-- Your goal --
Whenever the word "where" turns up in a line below, that line should be copied.

Saved data entries
_ _ _

lemma mean_step_norm_le: "norm (mean_step k *v v) \<le> (1 - g0 * lam / 2) * norm v"
proof (rule psd_matrix_norm_le)
  have quadratic: "u \<bullet> (mean_step k *v u) = u \<bullet> u - (1/2) * (u \<bullet> (Sigma_tk joint k *v u))" for u
    by (simp add: mean_step_def matrix_vector_mult_diff_rdistrib
        scaleR_matrix_vector_assoc[symmetric] inner_diff_right)
  show "transpose (mean_step k) = mean_step k"
    using Sigma_tk_symmetric[of k] by (simp add: mean_step_def vec_eq_iff transpose_def mat_def)
  show "0 \<le> 1 - g0 * lam / 2" using g0_lam_le_1 by simp
  show "\<forall>u. 0 \<le> u \<bullet> (mean_step k *v u)"
  proof
    fix u :: "real^'d"
    have "u \<bullet> (Sigma_tk joint k *v u) \<le> u \<bullet> u" "0 \<le> u \<bullet> u" by (rule Sigma_tk_le) simp
    then show "0 \<le> u \<bullet> (mean_step k *v u)" unfolding quadratic by linarith
  qed
  show "\<forall>u. u \<bullet> (mean_step k *v u) \<le> (1 - g0 * lam / 2) * (u \<bullet> u)"
  proof
    fix u :: "real^'d"
    show "u \<bullet> (mean_step k *v u) \<le> (1 - g0 * lam / 2) * (u \<bullet> u)"
      unfolding quadratic using Sigma_tk_ge[of u k] by (simp add: algebra_simps)
  qed
qed

lemma inner_matpow_mean_step_le:
  assumes "norm x \<le> 1" "norm th \<le> 1"
  shows "x \<bullet> (matpow (mean_step k) n *v th) \<le> (1 - g0 * lam / 2)^n"
proof -
  have power: "norm (matpow (mean_step k) n *v v) \<le> (1 - g0 * lam / 2)^n * norm v" for v
  proof (induction n arbitrary: v)
    case (Suc n)
    have "norm (matpow (mean_step k) (Suc n) *v v) \<le> (1 - g0 * lam / 2)^n * norm (mean_step k *v v)"
      unfolding matpow_Suc_mult_vector by (rule Suc.IH)
    also have "\<dots> \<le> (1 - g0 * lam / 2)^n * ((1 - g0 * lam / 2) * norm v)"
      using mean_step_norm_le g0_lam_le_1 by (intro mult_left_mono) auto
    finally show ?case by (simp add: algebra_simps)
  qed simp
  have "x \<bullet> (matpow (mean_step k) n *v th) \<le> norm x * norm (matpow (mean_step k) n *v th)"
    by (rule norm_cauchy_schwarz)
  also have "\<dots> \<le> 1 * ((1 - g0 * lam / 2)^n * norm th)"
    using assms(1) power[of th] by (intro mult_mono) auto
  also have "\<dots> \<le> (1 - g0 * lam / 2)^n"
    using assms(2) g0_lam_le_1 by (simp add: mult_left_le)
  finally show ?thesis .
qed
lemma sin2_integral_euler_poisson_darboux:
  assumes f': "\<And>\<eta>. \<eta> \<in> {lo<..<hi} \<Longrightarrow> (f has_real_derivative f' \<eta>) (at \<eta>)"
    and cf': "continuous_on {lo<..<hi} f'"
    and r: "r \<in> {lo<..<hi}" and s: "s \<in> {lo<..<hi::real}"
  shows "2 * (s - r) * sin2_integral f' (\<lambda>\<theta>. (sin \<theta>)\<^sup>2 * (cos \<theta>)\<^sup>2 * 2) s r
       = sin2_integral f (\<lambda>\<theta>. (sin \<theta>)\<^sup>2 * 2) s r - sin2_integral f (\<lambda>\<theta>. (cos \<theta>)\<^sup>2 * 2) s r"
proof -
  define \<eta> where "\<eta> \<theta> = r + (s - r) * (sin \<theta>)\<^sup>2" for \<theta>
  \<comment> \<open>\<open>\<phi>\<close> vanishes at \<open>0\<close> and \<open>pi/2\<close>, and \<open>\<phi>'\<close> integrates to half the difference of the two sides\<close>
  define \<phi> where "\<phi> \<theta> = f (\<eta> \<theta>) * (sin \<theta> * cos \<theta>)" for \<theta>
  define \<phi>' where "\<phi>' \<theta> = (s - r) * (f' (\<eta> \<theta>) * ((sin \<theta>)\<^sup>2 * (cos \<theta>)\<^sup>2 * 2))
      + (1/2) * (f (\<eta> \<theta>) * ((cos \<theta>)\<^sup>2 * 2)) - (1/2) * (f (\<eta> \<theta>) * ((sin \<theta>)\<^sup>2 * 2))" for \<theta>
  have \<eta>_in: "\<eta> \<theta> \<in> {lo<..<hi}" for \<theta>
    unfolding \<eta>_def by (rule sin2_combination_in_interval[OF r s])
  have cf: "continuous_on {lo<..<hi} f"
    using f' by (meson DERIV_isCont continuous_at_imp_continuous_on)
  have "(\<phi> has_real_derivative \<phi>' \<theta>) (at \<theta>)" for \<theta>
  proof -
    have "(\<eta> has_real_derivative (s - r) * (2 * sin \<theta> * cos \<theta>)) (at \<theta>)"
      unfolding \<eta>_def[abs_def] by (auto intro!: derivative_eq_intros simp: power2_eq_square)
    from DERIV_chain2[OF f'[OF \<eta>_in] this]
    have "((\<lambda>\<theta>. f (\<eta> \<theta>)) has_real_derivative f' (\<eta> \<theta>) * ((s - r) * (2 * sin \<theta> * cos \<theta>))) (at \<theta>)" .
    moreover have "((\<lambda>\<theta>. sin \<theta> * cos \<theta>) has_real_derivative cos \<theta> * cos \<theta> - sin \<theta> * sin \<theta>) (at \<theta>)"
      by (auto intro!: derivative_eq_intros simp: algebra_simps)
    ultimately show ?thesis
      unfolding \<phi>_def[abs_def] \<phi>'_def
      by (rule DERIV_mult[THEN DERIV_cong]) (simp add: power2_eq_square algebra_simps)
  qed
  then have "(\<phi>' has_integral \<phi> (pi/2) - \<phi> 0) {0..pi/2}"
    by (intro fundamental_theorem_of_calculus) (auto simp: has_real_derivative_iff_has_vector_derivative[symmetric]
        intro: has_field_derivative_at_within)
  then have "(\<phi>' has_integral 0) {0..pi/2}"
    by (simp add: \<phi>_def)
  moreover have "(\<phi>' has_integral (s - r) * sin2_integral f' (\<lambda>\<theta>. (sin \<theta>)\<^sup>2 * (cos \<theta>)\<^sup>2 * 2) s r
      + (1/2) * sin2_integral f (\<lambda>\<theta>. (cos \<theta>)\<^sup>2 * 2) s r - (1/2) * sin2_integral f (\<lambda>\<theta>. (sin \<theta>)\<^sup>2 * 2) s r) {0..pi/2}"
  proof -
    have "continuous_on UNIV (\<lambda>\<theta>. (sin \<theta>)\<^sup>2 * (cos \<theta>)\<^sup>2 * 2 :: real)"
      "continuous_on UNIV (\<lambda>\<theta>. (sin \<theta>)\<^sup>2 * 2 :: real)" "continuous_on UNIV (\<lambda>\<theta>. (cos \<theta>)\<^sup>2 * 2 :: real)"
      by (intro continuous_intros)+
    note I = this[THEN sin2_integral_has_integral[OF cf' _ r s]] this[THEN sin2_integral_has_integral[OF cf _ r s]]
    show ?thesis
      unfolding \<phi>'_def[abs_def] \<eta>_def
      by (intro has_integral_diff has_integral_add has_integral_mult_right I)
  qed
  ultimately have "0 = (s - r) * sin2_integral f' (\<lambda>\<theta>. (sin \<theta>)\<^sup>2 * (cos \<theta>)\<^sup>2 * 2) s r
      + (1/2) * sin2_integral f (\<lambda>\<theta>. (cos \<theta>)\<^sup>2 * 2) s r - (1/2) * sin2_integral f (\<lambda>\<theta>. (sin \<theta>)\<^sup>2 * 2) s r"
    by (rule has_integral_unique)
  then show ?thesis by (simp add: algebra_simps)
qed

lemma arcsin_sqrt_affine_bounds:
  assumes "r < s" "\<eta> \<in> {r..s}"
  shows "-1 \<le> sqrt ((\<eta> - r) / (s - r))" "sqrt ((\<eta> - r) / (s - r)) \<le> 1"
    and "arcsin (sqrt ((\<eta> - r) / (s - r))) \<in> {0..pi/2}"
    and "r + (s - r) * (sin (arcsin (sqrt ((\<eta> - r) / (s - r)))))\<^sup>2 = \<eta>"
proof -
  have q: "0 \<le> sqrt ((\<eta> - r) / (s - r))" "sqrt ((\<eta> - r) / (s - r)) \<le> 1"
    using assms by auto
  show m: "-1 \<le> sqrt ((\<eta> - r) / (s - r))" "sqrt ((\<eta> - r) / (s - r)) \<le> 1"
    using q by linarith+
  show "arcsin (sqrt ((\<eta> - r) / (s - r))) \<in> {0..pi/2}"
    using arcsin_le_arcsin[OF m order_refl] arcsin_nonneg q by auto
  have "(sin (arcsin (sqrt ((\<eta> - r) / (s - r)))))\<^sup>2 = (\<eta> - r) / (s - r)"
    using sin_arcsin[OF m] assms by simp
  then show "r + (s - r) * (sin (arcsin (sqrt ((\<eta> - r) / (s - r)))))\<^sup>2 = \<eta>"
    using assms by simp
qed

lemma arcsin_sqrt_affine_has_derivative:
  assumes "r < \<eta>" "\<eta> < s"
  shows "((\<lambda>x. arcsin (sqrt ((x - r) / (s - r)))) has_real_derivative
    1 / (2 * sqrt ((s - \<eta>) * (\<eta> - r)))) (at \<eta>)"
proof -
  have q: "0 < (\<eta> - r) / (s - r)" "(\<eta> - r) / (s - r) < 1" using assms by (auto simp: field_simps)
  then have sq: "-1 < sqrt ((\<eta> - r) / (s - r))" "sqrt ((\<eta> - r) / (s - r)) < 1"
    by (auto intro: less_trans[of _ 0])
  have "((\<lambda>x. (x - r) / (s - r)) has_real_derivative 1 / (s - r)) (at \<eta>)"
    using assms by (auto intro!: derivative_eq_intros)
  from DERIV_chain2[OF DERIV_real_sqrt[OF q(1)] this]
  have "((\<lambda>x. sqrt ((x - r) / (s - r))) has_real_derivative
      inverse (sqrt ((\<eta> - r) / (s - r))) / 2 * (1 / (s - r))) (at \<eta>)" .
  from DERIV_chain2[OF DERIV_arcsin[OF sq] this]
  have "((\<lambda>x. arcsin (sqrt ((x - r) / (s - r)))) has_real_derivative
      inverse (sqrt (1 - (sqrt ((\<eta> - r) / (s - r)))\<^sup>2))
        * (inverse (sqrt ((\<eta> - r) / (s - r))) / 2 * (1 / (s - r)))) (at \<eta>)" .
  moreover have "inverse (sqrt (1 - (sqrt ((\<eta> - r) / (s - r)))\<^sup>2))
        * (inverse (sqrt ((\<eta> - r) / (s - r))) / 2 * (1 / (s - r)))
      = 1 / (2 * sqrt ((s - \<eta>) * (\<eta> - r)))"
  proof -
    define Q where "Q = (\<eta> - r) / (s - r)"
    have "(1 - Q) * Q = (s - \<eta>) * (\<eta> - r) / (s - r)\<^sup>2"
      using assms by (simp add: Q_def field_simps power2_eq_square)
    then have "sqrt ((s - \<eta>) * (\<eta> - r)) = sqrt (1 - Q) * sqrt Q * (s - r)"
      using assms by (simp add: real_sqrt_mult[symmetric] real_sqrt_divide)
    moreover have "sqrt Q > 0" "sqrt (1 - Q) > 0" using q by (simp_all add: Q_def)
    ultimately show ?thesis
      using assms by (simp add: Q_def[symmetric] field_simps)
  qed
  ultimately show ?thesis by simp
qed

_ _ _

-- Result of the exercise --
  define \<eta> where "\<eta> \<theta> = r + (s - r) * (sin \<theta>)\<^sup>2" for \<theta>
  define \<phi> where "\<phi> \<theta> = f (\<eta> \<theta>) * (sin \<theta> * cos \<theta>)" for \<theta>
  define \<phi>' where "\<phi>' \<theta> = (s - r) * (f' (\<eta> \<theta>) * ((sin \<theta>)\<^sup>2 * (cos \<theta>)\<^sup>2 * 2))
    define Q where "Q = (\<eta> - r) / (s - r)"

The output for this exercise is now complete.